Personal information of up to 3,200 GPs was available online in a ‘potential data breach’ being investigated by a locum bank.
A backend version of Lantum’s old website, Network Locum, had been accessible online, with affected users informed today.
The data from 2014 to 2016 comprised information required by Lantum when GP locums sign up, which could include passport details, medical documents, and home addresses.
Pulse understands there could also have been some bank details exposed via invoices.
After being alerted to the ‘potential vulnerability’, the company made the data from the old website inaccessible.
A spokesperson for Lantum said: ‘While this data may have been accessible to unauthorised individuals, there is currently no indication that data has in fact been accessed and no reason to suspect that this is the case.
‘We are, however, treating this matter as a potential data breach and will continue to liaise with any individuals who may be affected should more information be revealed by our investigations.’

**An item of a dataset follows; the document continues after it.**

(* Let $d, N, M \ge 1$ be integers, $r \in \{0,1,\dots,d\}$, $\sigma \ge 0$, and let $\Lambda \in \mathbb{R}^{d\times d}$ be symmetric positive semidefinite with eigendecomposition $\Lambda = QDQ^\top$, $Q$ orthonormal, $D = \mathrm{diag}([\lambda_1,\dots,\lambda_d])$, $\lambda_1\ge\dots\ge\lambda_d\ge 0$. Let $V^* = \mathrm{diag}([v_1^*,\dots,v_d^*])$ with $v_i^* = \frac{N}{(N+1)\lambda_i + \mathrm{tr}(D)}$ for $i \le r$ and $v_i^* = 0$ for $i>r$, let $c \neq 0$, $U^* = cQV^*Q^\top$, $u = 1/c$, and let $f$ be the linear self-attention model $$f(E) = \left[E + W^{PV} E \cdot \frac{E^\top W^{KQ} E}{M}\right]_{(d+1),(M+1)}, \qquad W^{PV} = \begin{pmatrix} 0_{d\times d} & 0_d \\ 0_d^\top & u\end{pmatrix},\quad W^{KQ} = \begin{pmatrix} U^* & 0_d \\ 0_d^\top & 0\end{pmatrix},$$ applied to an input $E \in \mathbb{R}^{(d+1)\times(M+1)}$ (the output is the bottom-right entry). Fix $w \in \mathbb{R}^d$ and write $w = Q(s+\xi)$ where $s,\xi\in\mathbb{R}^d$ satisfy $s_i = 0$ for all $r < i \le d$ and $\xi_i = 0$ for all $1 \le i \le r$. Let $x_1,\dots,x_M,x_q \overset{\text{i.i.d.}}{\sim}\mathcal{N}(0,\Lambda)$ and independently $\epsilon_1,\dots,\epsilon_M \overset{\text{i.i.d.}}{\sim}\mathcal{N}(0,\sigma^2)$, and let $$\widehat{E} = \begin{pmatrix} x_1 & \cdots & x_M & x_q \\ \langle w,x_1\rangle + \epsilon_1 & \cdots & \langle w,x_M\rangle + \epsilon_M & 0\end{pmatrix}.$$ Then $$\mathbb{E}_{x_1,\epsilon_1,\dots,x_M,\epsilon_M,x_q}\left(f(\widehat E) - \langle w, x_q\rangle\right)^2 = \frac1M\|s\|^2_{(V^* )^2D^3} + \frac1M\left(\|s+\xi\|_D^2 + \sigma^2\right)\mathrm{tr}\left((V^* )^2D^2\right) + \|\xi\|_D^2 + \sum_{i\in[r]} s_i^2\lambda_i(\lambda_i v_i^* - 1)^2.$$
   Context: For a positive semidefinite matrix $A$, $\|x\|_A^2 := x^\top A x$. $[r] = \{1,\dots,r\}$. The model $f$ is the optimal rank-$r$ one-layer linear self-attention solution for in-context linear regression with $N$ pretraining examples per prompt; at evaluation the normalization factor equals the number $M$ of in-context examples. *)

theory Defs
  imports "HOL-Probability.Probability" "Jordan_Normal_Form.Matrix"
begin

Lantum, previously named Network Locum, is an online workforce management platform which connects GP practices with locums without having to go through agencies.

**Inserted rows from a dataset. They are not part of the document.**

(* Let $p\in(1,2]$ and let ${\bm{W}}_1,\dots,{\bm{W}}_T\in\mathbb{R}^{m\times n}$ ($T\ge1$) be random matrices with $\mathbb E\|{\bm{W}}_t\|_F^p<\infty$ forming a martingale difference sequence with respect to the natural filtration $\mathcal F_t=\sigma({\bm{W}}_1,\dots,{\bm{W}}_t)$ ($\mathcal F_0$ trivial), i.e. $\mathbb E[{\bm{W}}_t\mid\mathcal F_{t-1}]=\mathbf 0$. Then $$\mathbb E\Big\|\sum_{t=1}^T{\bm{W}}_t\Big\|_F\le 2\sqrt\pi\;\mathbb E\Big[\Big(\sum_{t=1}^T\|{\bm{W}}_t\|_F^p\Big)^{1/p}\Big].$$
   Context: $\|\cdot\|_F$ is the Frobenius norm. *)

theory Defs
  imports "HOL-Analysis.Analysis" "HOL-Probability.Probability"
begin

text \<open>Frobenius norm of an m x n real matrix (rows indexed by 'm, columns by 'n).\<close>
definition frob_norm :: "real ^ 'n ^ 'm \<Rightarrow> real" where
  "frob_norm A = sqrt (\<Sum>i\<in>UNIV. \<Sum>j\<in>UNIV. (A $ i $ j)\<^sup>2)"

text \<open>Natural filtration: the sigma-algebra generated by W 1, ..., W k on the
  sample space of M (for k = 0 it is the trivial sigma-algebra).\<close>
definition nat_filtration ::
  "'a measure \<Rightarrow> (nat \<Rightarrow> 'a \<Rightarrow> 'b::topological_space) \<Rightarrow> nat \<Rightarrow> 'a measure" where
  "nat_filtration M W k =
     sigma (space M) (\<Union>s\<in>{1..k}. {W s -` A \<inter> space M | A. A \<in> sets borel})"

end

theory Submission
  imports Defs
begin

text \<open>Let S_t be the partial sums and Y_t = (\<Sum>s\<le>t. |W_s|^2)^(1/2) the square function.
  With c = 69/20 the potential Phi(x, y) = sqrt (y^2 + |x|^2) - c y satisfies
  Phi(x + d, sqrt (y^2 + |d|^2)) \<le> Phi(x, y) + <G(x, y), d>, where G(x, y) = x / sqrt (y^2 + |x|^2)
  is its gradient in x. Summing, |S_T| - c Y_T \<le> Phi(S_T, Y_T) is bounded by the martingale
  transform \<Sum>t. <G(S_(t-1), Y_(t-1)), W_t>, whose coefficients are bounded and
  F_(t-1)-measurable, so it has mean zero and E|S_T| \<le> c E Y_T. Finally Y_T, an l^2 norm,
  is at most the l^p norm of (|W_t|)_t for p \<le> 2, and 69/20 \<le> 2 sqrt pi.\<close>

lemma sqrt_le_tangent:
  fixes r h :: real
  assumes "0 < r" and "0 \<le> r\<^sup>2 + 2 * h"
  shows "sqrt (r\<^sup>2 + 2 * h) \<le> r + h / r"
proof -
  have "0 \<le> (sqrt (r\<^sup>2 + 2 * h) - r)\<^sup>2" by simp
  then have "r * sqrt (r\<^sup>2 + 2 * h) \<le> r\<^sup>2 + h"
    using assms by (simp add: power2_diff algebra_simps)
  then show ?thesis
    using assms by (simp add: field_simps power2_eq_square)
qed

text \<open>In the next two lemmas R, s, b and d stand for sqrt (y^2 + |x|^2), sqrt (y^2 + |d|^2),
  <x, d> and |d| in potential_step_nondegenerate. The threshold s = 49/20 y between them is
  where the first bound reaches exactly 69/20; the second then gives 46/25 + 8/5 < 69/20.\<close>

lemma potential_step_small_increment:
  fixes R y s b d c :: real
  assumes "0 < R" and "y \<le> R" and "y \<le> s" and "20 * s \<le> 49 * y" and d_sq: "d\<^sup>2 = s\<^sup>2 - y\<^sup>2"
    and "0 \<le> R\<^sup>2 + 2 * (b + d\<^sup>2)" and "69/20 \<le> c"
  shows "sqrt (R\<^sup>2 + 2 * (b + d\<^sup>2)) \<le> R + b / R + c * (s - y)"
proof -
  have "d\<^sup>2 = (s - y) * (s + y)" using d_sq by (simp add: power2_eq_square algebra_simps)
  also have "\<dots> \<le> (s - y) * (c * R)"
  proof (rule mult_left_mono)
    have "69/20 * R \<le> c * R" using assms by (intro mult_right_mono) auto
    then show "s + y \<le> c * R" using assms by linarith
  qed (use assms in simp)
  finally have "d\<^sup>2 / R \<le> c * (s - y)"
    using \<open>0 < R\<close> by (subst pos_divide_le_eq) (simp_all add: algebra_simps)
  moreover have "sqrt (R\<^sup>2 + 2 * (b + d\<^sup>2)) \<le> R + (b + d\<^sup>2) / R"
    using assms by (intro sqrt_le_tangent)
  ultimately show ?thesis
    unfolding add_divide_distrib by linarith
qed

lemma potential_step_large_increment:
  fixes y s d c :: real
  assumes "0 \<le> y" and "49 * y \<le> 20 * s" and "0 \<le> d" and d_sq: "d\<^sup>2 = s\<^sup>2 - y\<^sup>2"
    and "69/20 \<le> c"
  shows "sqrt (d\<^sup>2 + (s - y)\<^sup>2) + d \<le> c * (s - y)"
proof -
  define e where "e = s - y"
  have "0 \<le> e" using assms by (simp add: e_def)
  have "d\<^sup>2 + e\<^sup>2 = 2 * s * e"
    using d_sq by (simp add: e_def power2_eq_square algebra_simps)
  also have "\<dots> \<le> (2116/625 * e) * e"
    using assms \<open>0 \<le> e\<close> by (intro mult_right_mono) (simp_all add: e_def)
  also have "\<dots> = (46/25 * e)\<^sup>2" by (simp add: power2_eq_square)
  finally have "sqrt (d\<^sup>2 + e\<^sup>2) \<le> 46/25 * e"
    using \<open>0 \<le> e\<close> by (intro real_le_lsqrt) simp_all
  moreover have "d \<le> 8/5 * e"
  proof (rule power2_le_imp_le)
    have "d\<^sup>2 = e * (s + y)" using d_sq by (simp add: e_def power2_eq_square algebra_simps)
    also have "\<dots> \<le> e * (64/25 * e)"
      using assms \<open>0 \<le> e\<close> by (intro mult_left_mono) (simp_all add: e_def)
    finally show "d\<^sup>2 \<le> (8/5 * e)\<^sup>2" by (simp add: power2_eq_square)
  qed (use \<open>0 \<le> e\<close> in simp)
  moreover have "69/20 * e \<le> c * e"
    using assms \<open>0 \<le> e\<close> by (intro mult_right_mono)
  ultimately show ?thesis
    unfolding e_def[symmetric] using \<open>0 \<le> e\<close> by linarith
qed

definition potential :: "real \<Rightarrow> 'v::real_normed_vector \<Rightarrow> real \<Rightarrow> real" where
  "potential c x y = sqrt (y\<^sup>2 + (norm x)\<^sup>2) - c * y"

text \<open>The gradient of potential c in x; at x = 0, y = 0 division by zero makes it 0.\<close>

definition potential_grad :: "'v::real_normed_vector \<Rightarrow> real \<Rightarrow> 'v" where
  "potential_grad x y = x /\<^sub>R sqrt (y\<^sup>2 + (norm x)\<^sup>2)"

lemma norm_potential_grad_le: "norm (potential_grad x y) \<le> 1"
proof -
  have "norm (potential_grad x y) = norm x / sqrt (y\<^sup>2 + (norm x)\<^sup>2)"
    by (simp add: potential_grad_def divide_inverse_commute)
  moreover have "norm x \<le> sqrt (y\<^sup>2 + (norm x)\<^sup>2)" by (rule real_le_rsqrt) simp
  ultimately show ?thesis
    by (cases "x = 0") (simp_all add: divide_le_eq_1 sum_power2_gt_zero_iff)
qed

lemma sqrt_sq_norm_add_le:
  fixes x d :: "'v::real_normed_vector" and y s :: real
  shows "sqrt (s\<^sup>2 + (norm (x + d))\<^sup>2) \<le> sqrt (y\<^sup>2 + (norm x)\<^sup>2) + sqrt ((norm d)\<^sup>2 + (s - y)\<^sup>2)"
proof -
  have "sqrt (s\<^sup>2 + (norm (x + d))\<^sup>2) = norm ((x, y) + (d, s - y))"
    by (simp add: norm_Pair add.commute)
  also have "\<dots> \<le> norm (x, y) + norm (d, s - y)"
    by (rule norm_triangle_ineq)
  also have "\<dots> = sqrt (y\<^sup>2 + (norm x)\<^sup>2) + sqrt ((norm d)\<^sup>2 + (s - y)\<^sup>2)"
    by (simp add: norm_Pair add.commute)
  finally show ?thesis .
qed

lemma potential_step_nondegenerate:
  fixes x d :: "'v::real_inner"
  assumes "0 \<le> y" and "x \<noteq> 0 \<or> y \<noteq> 0" and "69/20 \<le> c"
  shows "potential c (x + d) (sqrt (y\<^sup>2 + (norm d)\<^sup>2))
           \<le> potential c x y + inner (potential_grad x y) d"
proof -
  define R where "R = sqrt (y\<^sup>2 + (norm x)\<^sup>2)"
  define s where "s = sqrt (y\<^sup>2 + (norm d)\<^sup>2)"
  define b where "b = inner x d"
  have "0 < R" using assms by (auto simp: R_def sum_power2_gt_zero_iff)
  have "y \<le> R" "y \<le> s" by (simp_all add: R_def s_def real_le_rsqrt)
  have s_sq: "s\<^sup>2 = y\<^sup>2 + (norm d)\<^sup>2" by (simp add: s_def)
  have "sqrt (s\<^sup>2 + (norm (x + d))\<^sup>2) \<le> R + b / R + c * (s - y)"
  proof (cases "20 * s \<le> 49 * y")
    case True
    have square: "s\<^sup>2 + (norm (x + d))\<^sup>2 = R\<^sup>2 + 2 * (b + (norm d)\<^sup>2)"
      by (simp add: s_sq R_def b_def power2_norm_eq_inner inner_add inner_commute)
    have "0 \<le> R\<^sup>2 + 2 * (b + (norm d)\<^sup>2)"
      unfolding square[symmetric] by simp
    then show ?thesis
      unfolding square using \<open>0 < R\<close> \<open>y \<le> R\<close> \<open>y \<le> s\<close> True s_sq assms(3)
      by (intro potential_step_small_increment) auto
  next
    case False
    have "norm x * norm d \<le> R * norm d"
      by (intro mult_right_mono) (simp_all add: R_def real_le_rsqrt)
    then have "- b \<le> R * norm d"
      using Cauchy_Schwarz_ineq2[of x d] by (simp add: b_def abs_le_iff)
    then have "- (b / R) \<le> norm d"
      using \<open>0 < R\<close> by (metis minus_divide_left mult.commute pos_divide_le_eq)
    moreover have "sqrt ((norm d)\<^sup>2 + (s - y)\<^sup>2) + norm d \<le> c * (s - y)"
      using False assms s_sq by (intro potential_step_large_increment) auto
    ultimately show ?thesis
      using sqrt_sq_norm_add_le[of s x d y, folded R_def] by linarith
  qed
  moreover have "inner (potential_grad x y) d = b / R"
    by (simp add: potential_grad_def R_def b_def field_simps)
  ultimately show ?thesis
    by (simp add: potential_def abs_of_nonneg R_def s_def power2_eq_square algebra_simps)
qed

lemma potential_step:
  fixes x d :: "'v::real_inner"
  assumes "0 \<le> y" and "69/20 \<le> c"
  shows "potential c (x + d) (sqrt (y\<^sup>2 + (norm d)\<^sup>2))
           \<le> potential c x y + inner (potential_grad x y) d"
proof (cases "x = 0 \<and> y = 0")
  case True
  have "sqrt 2 \<le> 2" by (rule real_le_lsqrt) simp_all
  then have "sqrt 2 * norm d \<le> c * norm d" using assms by (intro mult_right_mono) auto
  then show ?thesis
    using True by (simp add: potential_def potential_grad_def real_sqrt_mult flip: mult_2)
next
  case False
  then show ?thesis using assms by (intro potential_step_nondegenerate) auto
qed

lemma norm_sum_le_square_function_add_transform:
  fixes w :: "nat \<Rightarrow> 'v::real_inner"
  assumes "69/20 \<le> c"
  shows "norm (\<Sum>t=1..n. w t) \<le> c * L2_set (\<lambda>t. norm (w t)) {1..n}
           + (\<Sum>t=1..n. inner (potential_grad (\<Sum>s=1..t-1. w s) (L2_set (\<lambda>s. norm (w s)) {1..t-1})) (w t))"
proof -
  define S where "S k = (\<Sum>t=1..k. w t)" for k
  define Y where "Y k = L2_set (\<lambda>t. norm (w t)) {1..k}" for k
  have S_Suc: "S (Suc k) = S k + w (Suc k)" for k
    by (simp add: S_def)
  have Y_Suc: "Y (Suc k) = sqrt ((Y k)\<^sup>2 + (norm (w (Suc k)))\<^sup>2)" for k
    by (simp add: Y_def L2_set_def sum_nonneg)
  have transform: "potential c (S k) (Y k) \<le> (\<Sum>t=1..k. inner (potential_grad (S (t-1)) (Y (t-1))) (w t))" for k
  proof (induction k)
    case 0
    show ?case by (simp add: potential_def S_def Y_def)
  next
    case (Suc k)
    have "potential c (S (Suc k)) (Y (Suc k))
            \<le> potential c (S k) (Y k) + inner (potential_grad (S k) (Y k)) (w (Suc k))"
      unfolding S_Suc Y_Suc by (rule potential_step[OF _ assms]) (simp add: Y_def)
    then show ?case using Suc.IH by simp
  qed
  have "norm (S n) \<le> potential c (S n) (Y n) + c * Y n"
    by (simp add: potential_def real_le_rsqrt)
  then show ?thesis
    using transform[of n] unfolding S_def Y_def by linarith
qed

lemma space_nat_filtration: "space (nat_filtration M W k) = space M"
  by (simp add: nat_filtration_def space_measure_of_conv)

lemma sets_nat_filtration:
  "sets (nat_filtration M W k)
     = sigma_sets (space M) (\<Union>s\<in>{1..k}. {W s -` A \<inter> space M | A. A \<in> sets borel})"
  unfolding nat_filtration_def by (rule sets_measure_of) auto

lemma measurable_nat_filtration:
  "s \<in> {1..k} \<Longrightarrow> W s \<in> borel_measurable (nat_filtration M W k)"
proof (rule measurableI)
  fix A :: "'b set"
  assume "s \<in> {1..k}" and "A \<in> sets borel"
  then show "W s -` A \<inter> space (nat_filtration M W k) \<in> sets (nat_filtration M W k)"
    unfolding space_nat_filtration sets_nat_filtration by (intro sigma_sets.Basic) blast
qed simp

lemma sigma_finite_subalgebra_nat_filtration:
  assumes "finite_measure M" and "\<And>s. s \<in> {1..k} \<Longrightarrow> W s \<in> borel_measurable M"
  shows "sigma_finite_subalgebra M (nat_filtration M W k)"
proof (rule finite_measure_subalgebra_is_sigma_finite)
  have "subalgebra M (nat_filtration M W k)"
    unfolding subalgebra_def space_nat_filtration sets_nat_filtration
    using assms(2) by (auto intro!: sets.sigma_sets_subset measurable_sets)
  then show "finite_measure_subalgebra M (nat_filtration M W k)"
    using assms(1) by (simp add: finite_measure_subalgebra_def finite_measure_subalgebra_axioms_def)
qed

Lantum confirmed the data is from documents uploaded between 2014 and September 2016, at which point the company migrated to a different website as part of an upgrade.
GP locums affected by this have been advised by Lantum ‘to take precautions to protect their identity’.
A spokesperson said: ‘We would stress that since 2016, we have been operating on a completely different and highly secure platform, which conforms to the latest UK government approved and international security standards and undergoes regular testing.
‘So there are no grounds for any concern regarding security of information that has been provided to Lantum since 2016.
‘We have informed the regulator and have brought in specialist privacy and cyber consultants to investigate further and advise on any additional steps we may need to take.’
If the investigation finds that a breach did occur, meaning the data was accessed by unauthorised parties, Lantum will advise its GP locum users further.
Between 2017 and 2020, Lantum’s chief executive Melissa Morris was backed by the NHS Innovation Accelerator (NIA), which supports ‘exceptional individuals to scale promising innovations across England’s NHS’.
On the NIA website, Lantum is described as a ‘platform that uses Artificial Intelligence and Machine Learning to automate the manual processes involved in organising staff to fill clinical rotas’.
Earlier this week, NHS England reported a data breach involving GP information following a cyber-attack concerning Capita, which affected 90 organisations.
Now if these guys could kindly speak to the guys that broke into Crapita we might have a working pensions system.
The fact that the new system “conforms to the latest UK government approved and international security standards” would certainly be strong grounds for concern in my book.
perhaps the commercial licences of the server provider need considering?